A pivotal scene in the movie “Darkest Hour” shows Winston Churchill, played by Gary Oldman in an almost unrecognizable portrayal, journeying into the London Underground to chat with regular people in the subway.

To put it mildly, the group of average Londoners is shocked to see the prime minister, cigar and all, in their midst riding the tube. Churchill proceeds to query each of the working class Londoners about their attitude toward the British fight against Nazi Germany. To a one, they insist they would “never” give in, heralding his famous line (“We shall defend our island, whatever the cost may be, we shall fight on the beaches, we shall fight on the landing grounds, we shall fight in the fields and in the streets, we shall fight in the hills; we shall never surrender.”)

However, did the moment really occur? Did Winston Churchill really go into the subway to chat with average people as is shown in the Joe Wright-directed Hollywood film? No. The scene is not accurate.

According to Daily Variety, “It’s a scene that’s — transparently — too good to be true.” The New York Post also writes that the moving scene, unfortunately, did not really happen. “The subway scene — in which London commuters tell Churchill to never give up — is fictional,” notes The Post.

gary oldman, gary oldman darkest hour

Gary Oldman and Randolph Churchill (R) attends the ‘Darkest hour’ UK premeire at Odeon Leicester Square on December 11, 2017 in London, England.

The Wrap asked the screenwriter for the movie, Anthony McCarten, whether the moment was based on historical realism, and he also said, no, not really. According to The Wrap, McCarten did not include the scene in a book he’s published about the same time period as the movie.

“McCarten admitted that no, it probably did not happen. But something like it might well have,” The Wrap reported, quoting the screenwriter as saying of Churchill that this was “the kind of thing he did right through the war. He would go AWOL, disappear and pop up somewhere in London with ordinary people, to find out what they were thinking. So that scene was drawn from deep research, but we have no record that it happened.”

In other words, the scene is not pulled from actual history, but it’s something the writers felt was in line with how the real Winston Churchill acted. The Wrap also noted that the distance he travels in the scene would only have taken two minutes today, hardly long enough to query all of the working class folks sitting on the train.

Darkest Hour is a companion piece to the Christopher Nolan film, Dunkirk, as it focuses on the same time frame,  but this time from Churchill’s perspective, as the British Army was pushed to the beaches by the Germans and desperately needed what would end up being a miraculous rescue. The movie captures Churchill’s uncouth and complicated personality – his heavy drinking, his irascible personality – while revealing him to be the right man in charge at the exactly right time.

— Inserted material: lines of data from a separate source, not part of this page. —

lemma proper_splits_shorter:
  assumes ws: "ws \<in> proper_splits u" and w: "w \<in> set ws"
  shows "length w < length u"
proof -
  obtain xs ys where split: "ws = xs @ w # ys"
    using split_list[OF w] by auto
  have ws': "[] \<notin> set ws" "concat ws = u" "2 \<le> length ws"
    using ws by (auto simp: proper_splits_def splits_def)
  then obtain z where "z \<in> set (xs @ ys)"
    using split by (cases "xs @ ys") auto
  moreover have "z \<noteq> []"
    using calculation split ws'(1) by auto
  ultimately have "0 < length (concat (xs @ ys))"
    by (metis length_greater_0_conv length_le_length_concat_mem less_le_trans)
  moreover have "length u = length (concat (xs @ ys)) + length w"
    using split ws'(2) by auto
  ultimately show ?thesis
    by linarith
qed

lemma RT_eq_image:
  assumes u: "2 \<le> length u" and i: "i \<in> {1..N}"
  shows "RT N i u =
    (\<lambda>(_, ts). Node i ts) ` Sigma (child_shapes N u) (\<lambda>(ws, v). listset (map2 (RT N) v ws))"
proof (intro equalityI subsetI)
  fix T assume T: "T \<in> RT N i u"
  obtain c ts where Tc: "T = Node c ts"
    by (cases T)
  have "ts \<noteq> []"
    using T Tc u by (auto simp: RT_def)
  then have ts: "c = i" "2 \<le> length ts" "concat (map leaf_colors ts) = u"
      "\<forall>t\<in>set ts. reduced t \<and> colors_in N t"
    using T Tc by (auto simp: RT_def)
  moreover have "set (map color ts) \<subseteq> {1..N}"
    using ts(4) colors_in_color by auto
  ultimately have "(map leaf_colors ts, map color ts) \<in> child_shapes N u"
    by (auto simp: child_shapes_def proper_splits_def splits_def words_def)
  moreover have "ts \<in> listset (map2 (RT N) (map color ts) (map leaf_colors ts))"
    using listset_map2_RT_iff ts(4) by simp
  ultimately show "T \<in> (\<lambda>(_, ts). Node i ts) `
      Sigma (child_shapes N u) (\<lambda>(ws, v). listset (map2 (RT N) v ws))"
    using Tc ts(1) by (intro image_eqI[of _ _ "((map leaf_colors ts, map color ts), ts)"]) auto
next
  fix T assume "T \<in> (\<lambda>(_, ts). Node i ts) `
      Sigma (child_shapes N u) (\<lambda>(ws, v). listset (map2 (RT N) v ws))"
  then obtain ws v ts where T: "T = Node i ts" and wv: "(ws, v) \<in> child_shapes N u"
    and ts: "ts \<in> listset (map2 (RT N) v ws)"
    by auto
  have "length v = length ws"
    using wv by (auto simp: child_shapes_def words_def)
  then have "map leaf_colors ts = ws" "map color ts = v" "\<forall>t\<in>set ts. reduced t \<and> colors_in N t"
    using ts listset_map2_RT_iff by auto
  moreover have "2 \<le> length ws" "concat ws = u"
    using wv by (auto simp: child_shapes_def proper_splits_def splits_def)
  ultimately show "T \<in> RT N i u"
    using T i by (auto simp: RT_def)
qed

lemma inj_on_Node_children:
  "inj_on (\<lambda>(_, ts). Node i ts) (Sigma (child_shapes N u) (\<lambda>(ws, v). listset (map2 (RT N) v ws)))"
proof (rule inj_onI)
  fix x y
  assume x: "x \<in> Sigma (child_shapes N u) (\<lambda>(ws, v). listset (map2 (RT N) v ws))"
    and y: "y \<in> Sigma (child_shapes N u) (\<lambda>(ws, v). listset (map2 (RT N) v ws))"
    and eq: "(\<lambda>(_, ts). Node i ts) x = (\<lambda>(_, ts). Node i ts) y"
  obtain ws v ts ws' v' where xy: "x = ((ws, v), ts)" "y = ((ws', v'), ts)"
    using eq by (cases x; cases y) auto
  have "length v = length ws" "length v' = length ws'"
    using x y xy by (auto simp: child_shapes_def words_def)
  then have "map leaf_colors ts = ws \<and> map color ts = v" "map leaf_colors ts = ws' \<and> map color ts = v'"
    using x y xy listset_map2_RT_iff by auto
  then show "x = y"
    using xy by simp
qed

lemma RT_single: "RT N j [a] = (if j = a \<and> a \<in> {1..N} then {Node a []} else {})"
proof (intro set_eqI iffI)
  fix T assume T: "T \<in> RT N j [a]"
  have "T = Node a []"
  proof (cases T)
    case (Node c ts)
    have "[] \<notin> set (map leaf_colors ts)"
      by auto
    then have "length ts \<le> length (concat (map leaf_colors ts))"
      using length_le_length_concat by fastforce
    then show ?thesis
      using T Node by (cases "ts = []") (auto simp: RT_def)
  qed
  with T show "T \<in> (if j = a \<and> a \<in> {1..N} then {Node a []} else {})"
    by (simp add: RT_def)
qed (auto simp: RT_def split: if_splits)

lemma finite_RT: "finite (RT N j u)"
proof (induction "length u" arbitrary: j u rule: less_induct)
  case less
  consider "length u < 2" | "j \<notin> {1..N}" | "2 \<le> length u" "j \<in> {1..N}"
    by linarith
  then show ?case
  proof cases
    case 1
    then consider "u = []" | a where "u = [a]"
      by (cases u) (auto simp: length_Suc_conv)
    then show ?thesis
      by cases (auto simp: RT_single RT_def[of N j "[]"])
  next
    case 2
    then have "RT N j u = {}"
      by (auto simp: RT_def dest: colors_in_color)
    then show ?thesis
      by simp
  next
    case 3
    have "finite (listset (map2 (RT N) v ws))" if "(ws, v) \<in> child_shapes N u" for ws v
    proof (rule finite_listset)
      fix A assume "A \<in> set (map2 (RT N) v ws)"
      then obtain a w where "A = RT N a w" "w \<in> set ws"
        by (auto dest: set_zip_rightD)
      moreover have "ws \<in> proper_splits u"
        using that by (auto simp: child_shapes_def)
      ultimately show "finite A"
        using less proper_splits_shorter by blast
    qed
    then show ?thesis
      unfolding RT_eq_image[OF 3]
      by (intro finite_imageI finite_SigmaI finite_child_shapes) auto
  qed
qed

lemma sum_RT_Node:
  assumes "2 \<le> length u" "i \<in> {1..N}"
  shows "(\<Sum>T\<in>RT N i u. f T) =
    (\<Sum>(ws, v)\<in>child_shapes N u. \<Sum>ts\<in>listset (map2 (RT N) v ws). f (Node i ts))"
proof -
  let ?B = "\<lambda>(ws, v). listset (map2 (RT N) v ws)"
  have "(\<Sum>T\<in>RT N i u. f T) = (\<Sum>(_, ts)\<in>Sigma (child_shapes N u) ?B. f (Node i ts))"
    unfolding RT_eq_image[OF assms] sum.reindex[OF inj_on_Node_children]
    by (simp add: case_prod_unfold)
  also have "\<dots> = (\<Sum>wv\<in>child_shapes N u. \<Sum>ts\<in>?B wv. f (Node i ts))"
    by (rule sum.Sigma[symmetric]) (auto simp: finite_child_shapes finite_RT intro!: finite_listset)
  finally show ?thesis
    by (simp add: split_def)
qed

section \<open>The signed tree sum\<close>

definition tree_term :: "ctree \<Rightarrow> elt" where
  "tree_term T = H_smult ((-1) ^ nonleaf_count T) (basis (rev (preorder_gens T)))"

definition tree_sum :: "nat \<Rightarrow> gen \<Rightarrow> elt" where
  "tree_sum N g = (\<Sum>T\<in>RT N (fst g) (snd g). tree_term T)"

lemma anti_ext_tree_term:
  "anti_ext tree_term ts =
    H_smult ((-1) ^ sum_list (map nonleaf_count ts)) (basis (rev (concat (map preorder_gens ts))))"
  by (induction ts)
    (simp_all add: H_one_def tree_term_def H_mult_smult_left H_mult_smult_right H_smult_smult
      H_mult_basis power_add mult.commute)

lemma tree_term_Node:
  "ts \<noteq> [] \<Longrightarrow>
    tree_term (Node i ts) = H_smult (-1) (H_mult (anti_ext tree_term ts) (basis [(i, map color ts)]))"
  by (simp add: anti_ext_tree_term tree_term_def H_mult_smult_left H_mult_basis H_smult_smult)

lemma tree_sum_eq:
  assumes u: "2 \<le> length u" and i: "i \<in> {1..N}"
  shows "tree_sum N (i, u) = H_smult (-1)
    (\<Sum>(ws, v)\<in>child_shapes N u. H_mult (anti_ext (tree_sum N) (zip v ws)) (basis [(i, v)]))"
proof -
  have "tree_sum N (i, u) = (\<Sum>(ws, v)\<in>child_shapes N u. \<Sum>ts\<in>listset (map2 (RT N) v ws).
      H_smult (-1) (H_mult (anti_ext tree_term ts) (basis [(i, v)])))"
    unfolding tree_sum_def fst_conv snd_conv sum_RT_Node[OF u i]
  proof (intro sum.cong refl, clarify, rule sum.cong[OF refl])
    fix ws v ts assume wv: "(ws, v) \<in> child_shapes N u" and ts: "ts \<in> listset (map2 (RT N) v ws)"
    have "length v = length ws" "2 \<le> length ws"
      using wv by (auto simp: child_shapes_def proper_splits_def words_def)
    then have "map leaf_colors ts = ws" "map color ts = v"
      using ts listset_map2_RT_iff by auto
    moreover from this have "ts \<noteq> []"
      using \<open>2 \<le> length ws\<close> by auto
    ultimately show "tree_term (Node i ts) = H_smult (-1) (H_mult (anti_ext tree_term ts) (basis [(i, v)]))"
      by (simp add: tree_term_Node)
  qed
  also have "\<dots> = (\<Sum>(ws, v)\<in>child_shapes N u.
      H_smult (-1) (H_mult (anti_ext (tree_sum N) (zip v ws)) (basis [(i, v)])))"
  proof (intro sum.cong refl, clarify)
    fix ws v
    have "(\<Sum>ts\<in>listset (map2 (RT N) v ws). anti_ext tree_term ts) = anti_ext (tree_sum N) (zip v ws)"
      by (subst sum_listset_anti_ext) (auto simp: finite_RT anti_ext_def tree_sum_def[abs_def] comp_def split_def)
    then show "(\<Sum>ts\<in>listset (map2 (RT N) v ws). H_smult (-1) (H_mult (anti_ext tree_term ts) (basis [(i, v)])))
        = H_smult (-1) (H_mult (anti_ext (tree_sum N) (zip v ws)) (basis [(i, v)]))"
      by (simp add: H_smult_sum[symmetric] H_mult_sum_left[symmetric])
  qed
  finally show ?thesis
    by (simp add: H_smult_sum split_def)
qed

lemma letter_compatible_tree_sum: "letter_compatible N (tree_sum N)"
  by (simp add: letter_compatible_def tree_sum_def RT_single tree_term_def Y_def H_one_def)

lemma tree_sum_Delta_gen:
  assumes "valid_gen N g"
  shows "tlinext (mult_S_id (anti_ext (tree_sum N))) (Delta_gen N g) = 0"
proof -
  obtain i u where g: "g = (i, u)" "i \<in> {1..N}" "2 \<le> length u"
    using assms by (cases g) (auto simp: valid_gen_def)
  let ?X = "\<Sum>(ws, v)\<in>child_shapes N u. H_mult (anti_ext (tree_sum N) (zip v ws)) (basis [(i, v)])"
  have "tlinext (mult_S_id (anti_ext (tree_sum N))) (Delta_gen N g) = tree_sum N (i, u) + ?X"
    using assms unfolding g by (rule tlinext_Delta_gen_anti_ext[OF letter_compatible_tree_sum])
  also have "tree_sum N (i, u) = H_smult (-1) ?X"
    using g by (intro tree_sum_eq)
  finally show ?thesis
    by (simp add: H_smult_def fun_eq_iff)
qed

section \<open>Passing to the right Lagrange Hopf algebra\<close>

lemma Lambda_down_eq_basis: "reduced T \<Longrightarrow> Lambda_down T = basis (preorder_gens T)"
proof -
  assume "reduced T"
  then have "\<forall>g\<in>set (preorder_gens T). proper g"
    by (induction T) (auto simp: proper_def)
  then show ?thesis
    by (simp add: Lambda_down_def H_prod_map_Y nondegenerate_def)
qed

His stalwart belief that the British could persevere when the war, and all of Europe, seemed lost, stood in stark contrast to the Neville Chamberlains in his own government (including Chamberlain himself), who repeatedly pressured him to consider “peace talks” with the maniacal Hitler. We are left as viewers to wonder what would have become of Britain, and the world, had not a man with Churchill’s uncommon resolve and foresight been in charge. We are also left to wonder at the immersive performance by Oldman who disappears into jowls and bluster to deliver an uncanny portrayal of the prime minister whom he usually looks nothing like.